All new data will be analyzed & new forecast will be out by 11 p.m.
Highs today reached 87-94 with the bone-dry air. Dew points in the 30s to 40s dropped the relative humidity to as low as 15% in some places. These were the lowest relative humidity readings in June since 2012.
The area of greatest sinking air & heating seem to run from Kentland, through Greater Lafayette to Frankfort, Attica, Fowler.
Several reliable in that zone sensors were in the 90s including the Wake Robin (West Lafayette) observer with 94, Green Hill area at 94, Elston spotter with 93, Stockwell spotter with 92, 93 from rural eastern Tippecanoe County near Pettit, Fowler observer with 92 & rural Independence weather spotter with 91.
TD Cristobal continues move northward & its cloud shield will increase & thicken over the area tonight. With strong southeast wind, lows will only drop to 68-75 (even with still rather dry air).
The high-/mid-level milky cloud shield should break up in the morning & altocumulus castellanuts (puffy mid-level clouds) & cumulus should occur over the sky.
We should heat up quickly to 85-91 (hottest in northeastern areas) with a sudden, very rapid increase in the relative humidity in the afternoon. Dew points should skyrocket to the 70s with strong south-southeast wind gusting up to 40 mph.
A wave of scattered showers & storms is likely early to mid afternoon, followed by a second wave. 6-11 p.m. time frame shows the best potential of severe weather.
A couple/few tornadoes are possible with isolated severe gust potential.
We remain in a SLIGHT RISK for severe weather per SPC. There is the potential of an upgrade to ENHANCED RISK.
The main reason for tornado risk mention is the following projected parameters:
1. Moist low-levels with low cloud bases (LCLs) with dew points at the surface rising to the 70s.
2. Up to 1500 J/kg of 0-3 km CAPE (not extreme, but good enough).
3. 1500 J/kg CAPE concentrated near the surface (not extreme, but good enough).
4. Up to 400 m2/s-2 of 1 km helicity.
5. Strong overall low level wind fields 1000 to 5,000' with turning of winds from southeast to west-southwest in the first 10,000'.
This is associated with the overall circulation, but also the mid & upper support it will have as it moves northward. This will allow the system to actually deepen as it takes on more extratropical (or just typical strong mid-latitude storm system) aspects. It could very well deepen to 987 mb over southern Wisconsin & even 991 mb over northern Illinois.
We will monitor for tweaks & changes.
Any severe weather risk now looks to fire east of our area Wednesday, unless the timing of the upper low behind Cristobal & the cold front timing changes.
There is a pretty robust tornado risk in central & eastern Ohio to southwestern Ontario & eastern Lower Michigan Wednesday late afternoon-evening. This has the potential to be a big severe weather outbreak in that zone.

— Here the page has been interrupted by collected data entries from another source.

lemma conv_sum_Suc:
  assumes "a < b"
  shows "conv_sum (Suc n) a b = conv_sum n a b + conv_sum n a (b-1)
     + (if a = 0 then 0 else conv_sum n (a-1) b + conv_sum n (a-1) (b-1))"
proof -
  have last: "(\<Sum>j\<le>a. real ((Suc n - Suc n) choose (a-j)) * real ((Suc n - Suc n) choose (b-j)) * diag_term (int (Suc n)) (int j)) = 0"
    using assms by (intro sum.neutral) auto
  have "conv_sum (Suc n) a b = (\<Sum>i\<le>n. \<Sum>j\<le>a. real (Suc (n-i) choose (a-j)) * real (Suc (n-i) choose (b-j)) * diag_term (int i) (int j))"
    unfolding conv_sum_def sum.atMost_Suc last by (simp add: Suc_diff_le)
  also have "\<dots> = (\<Sum>i\<le>n. (\<Sum>j\<le>a. real ((n-i) choose (a-j)) * real ((n-i) choose (b-j)) * diag_term (int i) (int j))
   + (\<Sum>j\<le>a. real ((n-i) choose (a-j)) * real ((n-i) choose (b-1-j)) * diag_term (int i) (int j))
   + (if a = 0 then 0 else (\<Sum>j\<le>a-1. real ((n-i) choose (a-1-j)) * real ((n-i) choose (b-j)) * diag_term (int i) (int j))
        + (\<Sum>j\<le>a-1. real ((n-i) choose (a-1-j)) * real ((n-i) choose (b-1-j)) * diag_term (int i) (int j))))"
    by (intro sum.cong refl sum_binomial_products_Suc assms)
  also have "\<dots> = conv_sum n a b + conv_sum n a (b-1) + (if a = 0 then 0 else conv_sum n (a-1) b + conv_sum n (a-1) (b-1))"
    unfolding conv_sum_def by (simp add: sum.distrib)
  finally show ?thesis .
qed

lemma conv_sum_Suc_diag:
  "conv_sum (Suc n) a a = conv_sum n a a + (if a = 0 then 0 else 2 * conv_sum n (a-1) a + conv_sum n (a-1) (a-1))
     + diag_term (int (Suc n)) (int a)"
proof -
  have last: "(\<Sum>j\<le>a. real ((Suc n - Suc n) choose (a-j)) * real ((Suc n - Suc n) choose (a-j)) * diag_term (int (Suc n)) (int j))
     = diag_term (int (Suc n)) (int a)"
  proof -
    have "(\<Sum>j\<le>a. real ((Suc n - Suc n) choose (a-j)) * real ((Suc n - Suc n) choose (a-j)) * diag_term (int (Suc n)) (int j))
       = (\<Sum>j\<in>{a}. real ((Suc n - Suc n) choose (a-j)) * real ((Suc n - Suc n) choose (a-j)) * diag_term (int (Suc n)) (int j))"
      by (intro sum.mono_neutral_right) auto
    then show ?thesis by simp
  qed
  have "conv_sum (Suc n) a a = (\<Sum>i\<le>n. \<Sum>j\<le>a. real (Suc (n-i) choose (a-j)) * real (Suc (n-i) choose (a-j)) * diag_term (int i) (int j))
       + diag_term (int (Suc n)) (int a)"
    unfolding conv_sum_def sum.atMost_Suc last by (simp add: Suc_diff_le)
  also have "(\<Sum>i\<le>n. \<Sum>j\<le>a. real (Suc (n-i) choose (a-j)) * real (Suc (n-i) choose (a-j)) * diag_term (int i) (int j))
     = (\<Sum>i\<le>n. (\<Sum>j\<le>a. real ((n-i) choose (a-j)) * real ((n-i) choose (a-j)) * diag_term (int i) (int j))
   + (if a = 0 then 0 else 2 * (\<Sum>j\<le>a-1. real ((n-i) choose (a-1-j)) * real ((n-i) choose (a-j)) * diag_term (int i) (int j))
        + (\<Sum>j\<le>a-1. real ((n-i) choose (a-1-j)) * real ((n-i) choose (a-1-j)) * diag_term (int i) (int j))))"
    by (intro sum.cong refl sum_binomial_squares_Suc)
  also have "\<dots> = conv_sum n a a + (if a = 0 then 0 else 2 * conv_sum n (a-1) a + conv_sum n (a-1) (a-1))"
    unfolding conv_sum_def by (simp add: sum.distrib sum_distrib_left)
  finally show ?thesis by simp
qed

lemma excess_sum_Suc:
  "excess_sum (Suc n) a b = excess_sum n a b + (if a = 0 then 0 else excess_sum n (a-1) b)
     + (if b = 0 then 0 else excess_sum n a (b-1)) + (if a = 0 \<or> b = 0 then 0 else excess_sum n (a-1) (b-1))
     + max 0 (real a - real b) * real (Suc n choose a) * real (Suc n choose b)"
  unfolding excess_sum_def by (rule pair_sum_Suc)

lemma conv_sum_0: "conv_sum 0 a b = 0"
  unfolding conv_sum_def by (simp add: diag_term_0)

lemma excess_sum_0: "excess_sum 0 a b = 0"
  unfolding excess_sum_def by (simp add: pair_sum_0)

lemma excess_sum_eq_conv_sum: "a \<le> b \<Longrightarrow> excess_sum n a b = conv_sum n a b"
proof (induction n arbitrary: a b)
  case 0
  then show ?case by (simp add: excess_sum_0 conv_sum_0)
next
  case (Suc n)
  show ?case
  proof (cases "a < b")
    case True
    then have b0: "b \<noteq> 0" by simp
    have m: "max 0 (real a - real b) = 0" using True by simp
    show ?thesis
      using True b0 Suc.IH[of a b] Suc.IH[of a "b-1"] Suc.IH[of "a-1" b] Suc.IH[of "a-1" "b-1"]
      by (simp add: excess_sum_Suc m conv_sum_Suc)
  next
    case False
    then have ab: "b = a" using Suc.prems by simp
    show ?thesis
    proof (cases a)
      case 0
      then show ?thesis using ab Suc.IH[of 0 0] by (simp add: excess_sum_Suc conv_sum_Suc_diag diag_term_def)
    next
      case (Suc a')
      have anti: "excess_sum n a a' = excess_sum n a' a + (real n + 1) / 2 * real (n choose a) * real (n choose a')"
        using excess_sum_antisym[of n a a'] Suc by simp
      have fsv: "diag_term (int (Suc n)) (int a) = (real n + 1) / 2 * real (n choose a) * real (n choose a')"
        using diag_term_Suc[of n a] Suc by simp
      show ?thesis
        using ab Suc Suc.IH[of a a] Suc.IH[of a' a] Suc.IH[of a' a'] anti fsv
        by (simp add: excess_sum_Suc conv_sum_Suc_diag)
    qed
  qed
qed

section \<open>Coefficient identities\<close>

lemma binomial_int_pascal: "0 \<le> M \<Longrightarrow> binomial_int (M + 1) j = binomial_int M j + binomial_int M (j - 1)"
proof -
  assume "0 \<le> M"
  then obtain m where m: "M = int m" using nonneg_eq_int by blast
  show ?thesis
  proof (cases "j < 0")
    case False
    then obtain i where i: "j = int i" using nonneg_eq_int by (metis linorder_not_less)
    show ?thesis
    proof (cases i)
      case 0
      then show ?thesis using m i by (simp add: binomial_int_def)
    next
      case (Suc i')
      then have "binomial_int (M + 1) j = real (Suc m choose Suc i')"
        "binomial_int M (j - 1) = real (m choose i')" "binomial_int M j = real (m choose Suc i')"
        using m i binomial_int_of_nat[of "Suc m" "Suc i'"] binomial_int_of_nat[of m "Suc i'"]
        by (simp_all add: ac_simps)
      then show ?thesis by simp
    qed
  qed simp
qed

lemma binomial_int_add2:
  "0 \<le> M \<Longrightarrow> binomial_int (M + 2) j = binomial_int M j + 2 * binomial_int M (j - 1) + binomial_int M (j - 2)"
  using binomial_int_pascal[of "M + 1" j] binomial_int_pascal[of "M + 1" "j - 1"]
    binomial_int_pascal[of M j] binomial_int_pascal[of M "j - 1"] binomial_int_pascal[of M "j - 2"]
  by (simp add: algebra_simps)

lemma binomial_int_add4:
  "0 \<le> M \<Longrightarrow> binomial_int (M + 4) j = binomial_int M j + 4 * binomial_int M (j - 1)
     + 6 * binomial_int M (j - 2) + 4 * binomial_int M (j - 3) + binomial_int M (j - 4)"
  using binomial_int_add2[of "M + 2" j] binomial_int_add2[of "M + 2" "j - 1"] binomial_int_add2[of "M + 2" "j - 2"]
    binomial_int_add2[of M j] binomial_int_add2[of M "j - 1"] binomial_int_add2[of M "j - 2"]
    binomial_int_add2[of M "j - 3"] binomial_int_add2[of M "j - 4"]
  by (simp add: algebra_simps)

lemma binomial_int_absorb:
  "0 \<le> M \<Longrightarrow> (of_int j + 1) * binomial_int M (j + 1) = (of_int M - of_int j) * binomial_int M j"
proof -
  assume "0 \<le> M"
  then obtain m where m: "M = int m" using nonneg_eq_int by blast
  show ?thesis
  proof (cases "j < 0")
    case True
    then have "j = -1 \<or> j < -1" by auto
    then show ?thesis using True by auto
  next
    case False
    then obtain i where i: "j = int i" using nonneg_eq_int by (metis linorder_not_less)
    have "binomial_int M (j + 1) = real (m choose Suc i)"
      using m i binomial_int_of_nat[of m "Suc i"] by (simp add: ac_simps)
    then show ?thesis using of_nat_binomial_absorb_Suc[of i m] m i by (simp add: add.commute)
  qed
qed

lemma binomial_int_0: "binomial_int 0 j = (if j = 0 then 1 else 0)"
  unfolding binomial_int_def by (auto simp: binomial_eq_0)

lemma binomial_int_1: "binomial_int 1 j = (if j = 0 \<or> j = 1 then 1 else 0)"
  using binomial_int_pascal[of 0 j] by (simp add: binomial_int_0)

lemma binomial_int_2: "binomial_int 2 j = (if j = 0 \<or> j = 2 then 1 else if j = 1 then 2 else 0)"
  using binomial_int_pascal[of 1 j] by (auto simp: binomial_int_1)

definition sq_binomial :: "int \<Rightarrow> int \<Rightarrow> real" where
  "sq_binomial i j = binomial_int i j * binomial_int i j"

definition sq_binomial_deriv :: "int \<Rightarrow> int \<Rightarrow> real" where
  "sq_binomial_deriv i j = (of_int i + 1) * sq_binomial (i + 1) j"

definition half_odd_binomial :: "int \<Rightarrow> int \<Rightarrow> real" where
  "half_odd_binomial n a = binomial_int (2 * n + 2) (2 * a + 1) / 2"

definition diag_closed_form :: "int \<Rightarrow> int \<Rightarrow> real" where
  "diag_closed_form n a = of_int a * of_int (n - a) / (8 * of_int n + 4) * binomial_int (2 * n + 2) (2 * a + 1)"

\<comment> \<open>Coefficient of x^n y^a in the product of D = (1 - (1 + y) x)^2 - 4 y x^2, respectively of
  its x-derivative, with the series of f.\<close>
definition disc_op :: "(int \<Rightarrow> int \<Rightarrow> real) \<Rightarrow> int \<Rightarrow> int \<Rightarrow> real" where
  "disc_op f n a = f n a - 2 * f (n - 1) a - 2 * f (n - 1) (a - 1)
     + f (n - 2) a - 2 * f (n - 2) (a - 1) + f (n - 2) (a - 2)"

definition disc_deriv_op :: "(int \<Rightarrow> int \<Rightarrow> real) \<Rightarrow> int \<Rightarrow> int \<Rightarrow> real" where
  "disc_deriv_op f n a = - 2 * f n a - 2 * f n (a - 1)
     + 2 * f (n - 1) a - 4 * f (n - 1) (a - 1) + 2 * f (n - 1) (a - 2)"

lemma disc_op_half_odd_binomial:
  assumes "0 \<le> n" "0 \<le> a"
  shows "disc_op half_odd_binomial n a = (if n = 0 \<and> a = 0 then 1 else 0)"
proof (cases "n = 0")
  case True
  have "2 * a - 1 \<noteq> 0" by presburger
  then show ?thesis
    using True assms(2) unfolding disc_op_def half_odd_binomial_def
    by (auto simp: binomial_int_0 binomial_int_2 binomial_int_neg_left)
next
  case False
  then have M: "0 \<le> 2 * n - 2" and "2 * n + 2 = (2 * n - 2) + 4" "2 * (n - 1) + 2 = (2 * n - 2) + 2"
    "2 * (n - 2) + 2 = 2 * n - 2" "2 * (a - 1) + 1 = 2 * a - 1" "2 * (a - 2) + 1 = 2 * a - 3"
    using assms by auto
  then show ?thesis
    unfolding disc_op_def half_odd_binomial_def
    using False binomial_int_add4[OF M, of "2 * a + 1"] binomial_int_add2[OF M, of "2 * a + 1"]
      binomial_int_add2[OF M, of "2 * a - 1"]
    by (simp add: field_simps)
qed

lemma sq_binomial_ode_algebra:
  fixes p q r N A :: real
  assumes "A * p = (N - A) * q" "(A - 1) * q = (N - A + 1) * r"
  shows "2 * ((N + 1) * ((p + 2*q + r) * (p + 2*q + r)) - 2 * (N * ((p + q) * (p + q)))
      - 2 * (N * ((q + r) * (q + r))) + (N - 1) * (p * p) - 2 * ((N - 1) * (q * q)) + (N - 1) * (r * r))
    + (- 2 * ((p + q) * (p + q)) - 2 * ((q + r) * (q + r)) + 2 * (p * p) - 4 * (q * q) + 2 * (r * r)) = 0"
  using assms by algebra

lemma sq_binomial_ode:
  assumes "0 \<le> n" "0 \<le> a"
  shows "2 * disc_op sq_binomial_deriv n a + disc_deriv_op sq_binomial n a = 0"
proof (cases "n = 0")
  case True
  have "a = 0 \<or> a = 1 \<or> a \<ge> 2" using assms(2) by auto
  then show ?thesis
    using True unfolding disc_op_def disc_deriv_op_def sq_binomial_deriv_def sq_binomial_def
    by (elim disjE) (auto simp: binomial_int_0 binomial_int_1 binomial_int_neg_left)
next
  case False
  define M where "M = n - 1"
  have M: "0 \<le> M" and n: "n = M + 1" using assms False unfolding M_def by auto
  have "of_int a * binomial_int M a = (of_int n - of_int a) * binomial_int M (a - 1)"
    "(of_int a - 1) * binomial_int M (a - 1) = (of_int n - of_int a + 1) * binomial_int M (a - 2)"
    using binomial_int_absorb[OF M, of "a - 1"] binomial_int_absorb[OF M, of "a - 2"] n
    by (simp_all add: algebra_simps)
  note algebra = sq_binomial_ode_algebra[OF this]
  have "binomial_int (2 + M) a = binomial_int M a + 2 * binomial_int M (a - 1) + binomial_int M (a - 2)"
    "binomial_int (1 + M) a = binomial_int M a + binomial_int M (a - 1)"
    "binomial_int (1 + M) (a - 1) = binomial_int M (a - 1) + binomial_int M (a - 2)"
    using binomial_int_add2[OF M, of a] binomial_int_pascal[OF M, of a] binomial_int_pascal[OF M, of "a - 1"]
    by (simp_all add: add.commute)
  then show ?thesis
    using algebra unfolding disc_op_def disc_deriv_op_def sq_binomial_deriv_def sq_binomial_def n
    by (simp add: algebra_simps)
qed

lemma diag_term_recurrence_algebra:
  fixes p0 p1 p2 p3 N A :: real
  assumes "A * p0 = (N - A - 2) * p1" "(A - 1) * p1 = (N - A - 1) * p2" "(A - 2) * p2 = (N - A) * p3"
  shows "N / 2 * ((p0 + 2*p1 + p2) * (p1 + 2*p2 + p3)) - 2 * ((N - 1) / 2 * ((p0 + p1) * (p1 + p2)))
     - 2 * ((N - 1) / 2 * ((p1 + p2) * (p2 + p3))) + (N - 2) / 2 * (p0 * p1)
     - 2 * ((N - 2) / 2 * (p1 * p2)) + (N - 2) / 2 * (p2 * p3) = (p1 + p2) * (p1 + p2)"
proof -
  have "N * ((p0 + 2*p1 + p2) * (p1 + 2*p2 + p3)) - 2 * ((N - 1) * ((p0 + p1) * (p1 + p2)))
     - 2 * ((N - 1) * ((p1 + p2) * (p2 + p3))) + (N - 2) * (p0 * p1)
     - 2 * ((N - 2) * (p1 * p2)) + (N - 2) * (p2 * p3) = 2 * ((p1 + p2) * (p1 + p2))"
    using assms by algebra
  then show ?thesis by (simp add: field_simps)
qed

Cold front looks to pass here in the late morning-midday & continue eastward. You can see some spotty showers/t'showers along it & a few little sprinkles & showers behind it in the widespread cumulus/stratocumulus mixed with some periodic sun.
Highs should reach 79-86, then fall to 72-80 with west-southwest winds gusting up to 45 mph.
Humidity will also drop to dew points in the 50s.
Total rainfall Tuesday-Wednesday is looking like 0.40-1.50" for our area.
Thursday looks warm & dry with sun, breezy to windy conditions from the west & highs 81-86 after 58-63 overnight.
Cold front will slip through Friday with a couple isolated showers, otherwise it looks dry with sunshine, some clouds, windy conditions from the west turning to the northwest & highs 77-84.
Next weekend looks good with highs 71-76 Saturday & 75-80 Sunday. Sunday morning lows of 47-54 are likely.
We heat up pretty quickly next week with 90s by mid-week possible. It looks dry next week until perhaps some storms by the end of the week.
Heat will dominate with lots of 90s.